++++ RECORDS FOR THIS EXERCISE ++++

lemma has_bochner_integral_KL_tilt_at:
  fixes p0 \<pi> :: "'a::euclidean_space \<Rightarrow> real"
  assumes [measurable]: "(\<lambda>y. y k) \<in> borel_measurable M" "q \<in> borel_measurable M" "p \<in> borel_measurable M"
      "p0 \<in> borel_measurable borel" "\<pi> \<in> borel_measurable borel"
    and q_nonneg: "\<And>y. y \<in> space M \<Longrightarrow> 0 \<le> q y"
    and p0_pos: "\<And>z. 0 < p0 z"
    and abs_cont: "AE y in M. 0 < q y \<longrightarrow> 0 < p y \<and> 0 < \<pi> (y k)"
    and KL: "integrable M (\<lambda>y. q y * ln (q y / p y))"
    and terminal: "integrable (law_at M q k) (\<lambda>z. ln (p0 z / \<pi> z))"
  shows "has_bochner_integral M (\<lambda>y. q y * ln (q y / (p y * (\<pi> (y k) / p0 (y k)))))
           (KL_dens M q p + (\<integral>z. ln (p0 z / \<pi> z) \<partial>law_at M q k))"
proof -
  have "has_bochner_integral M (\<lambda>y. q y * ln (q y / p y) + q y * ln (p0 (y k) / \<pi> (y k)))
          (KL_dens M q p + (\<integral>z. ln (p0 z / \<pi> z) \<partial>law_at M q k))"
    unfolding KL_dens_def using KL has_bochner_integral_law_at[OF _ _ _ q_nonneg terminal]
    by (intro has_bochner_integral_add) (auto simp: has_bochner_integral_iff)
  moreover have "AE y in M. q y * ln (q y / p y) + q y * ln (p0 (y k) / \<pi> (y k))
                         = q y * ln (q y / (p y * (\<pi> (y k) / p0 (y k))))"
    using abs_cont AE_space
  proof eventually_elim
    case (elim y)
    show ?case
    proof (cases "q y = 0")
      case False
      with q_nonneg[OF elim(2)] have "0 < q y"
        by simp
      with elim(1) have "0 < q y" "0 < p y" "0 < \<pi> (y k)"
        by auto
      then show ?thesis
        using p0_pos[of "y k"] by (simp add: ln_div ln_mult algebra_simps)
    qed simp
  qed
  moreover have "(\<lambda>y. q y * ln (q y / p y) + q y * ln (p0 (y k) / \<pi> (y k))) \<in> borel_measurable M"
    and "(\<lambda>y. q y * ln (q y / (p y * (\<pi> (y k) / p0 (y k))))) \<in> borel_measurable M"
    by measurable
  ultimately show ?thesis
    using has_bochner_integral_cong_AE by blast
qed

++++

WORK ITEM - Go through the records and copy each one exactly.

RESPONSE TO THIS TASK -
lemma has_bochner_integral_KL_tilt_at:
  fixes p0 \<pi> :: "'a::euclidean_space \<Rightarrow> real"
  assumes [measurable]: "(\<lambda>y. y k) \<in> borel_measurable M" "q \<in> borel_measurable M" "p \<in> borel_measurable M"
      "p0 \<in> borel_measurable borel" "\<pi> \<in> borel_measurable borel"
    and q_nonneg: "\<And>y. y \<in> space M \<Longrightarrow> 0 \<le> q y"
    and p0_pos: "\<And>z. 0 < p0 z"
    and abs_cont: "AE y in M. 0 < q y \<longrightarrow> 0 < p y \<and> 0 < \<pi> (y k)"
    and KL: "integrable M (\<lambda>y. q y * ln (q y / p y))"
    and terminal: "integrable (law_at M q k) (\<lambda>z. ln (p0 z / \<pi> z))"
  shows "has_bochner_integral M (\<lambda>y. q y * ln (q y / (p y * (\<pi> (y k) / p0 (y k)))))
           (KL_dens M q p + (\<integral>z. ln (p0 z / \<pi> z) \<partial>law_at M q k))"
proof -
  have "has_bochner_integral M (\<lambda>y. q y * ln (q y / p y) + q y * ln (p0 (y k) / \<pi> (y k)))
          (KL_dens M q p + (\<integral>z. ln (p0 z / \<pi> z) \<partial>law_at M q k))"
    unfolding KL_dens_def using KL has_bochner_integral_law_at[OF _ _ _ q_nonneg terminal]
    by (intro has_bochner_integral_add) (auto simp: has_bochner_integral_iff)
  moreover have "AE y in M. q y * ln (q y / p y) + q y * ln (p0 (y k) / \<pi> (y k))
                         = q y * ln (q y / (p y * (\<pi> (y k) / p0 (y k))))"
    using abs_cont AE_space
  proof eventually_elim
    case (elim y)
    show ?case
    proof (cases "q y = 0")
      case False
      with q_nonneg[OF elim(2)] have "0 < q y"
        by simp
      with elim(1) have "0 < q y" "0 < p y" "0 < \<pi> (y k)"
        by auto
      then show ?thesis
        using p0_pos[of "y k"] by (simp add: ln_div ln_mult algebra_simps)
    qed simp
  qed
  moreover have "(\<lambda>y. q y * ln (q y / p y) + q y * ln (p0 (y k) / \<pi> (y k))) \<in> borel_measurable M"
    and "(\<lambda>y. q y * ln (q y / (p y * (\<pi> (y k) / p0 (y k))))) \<in> borel_measurable M"
    by measurable
  ultimately show ?thesis
    using has_bochner_integral_cong_AE by blast
qed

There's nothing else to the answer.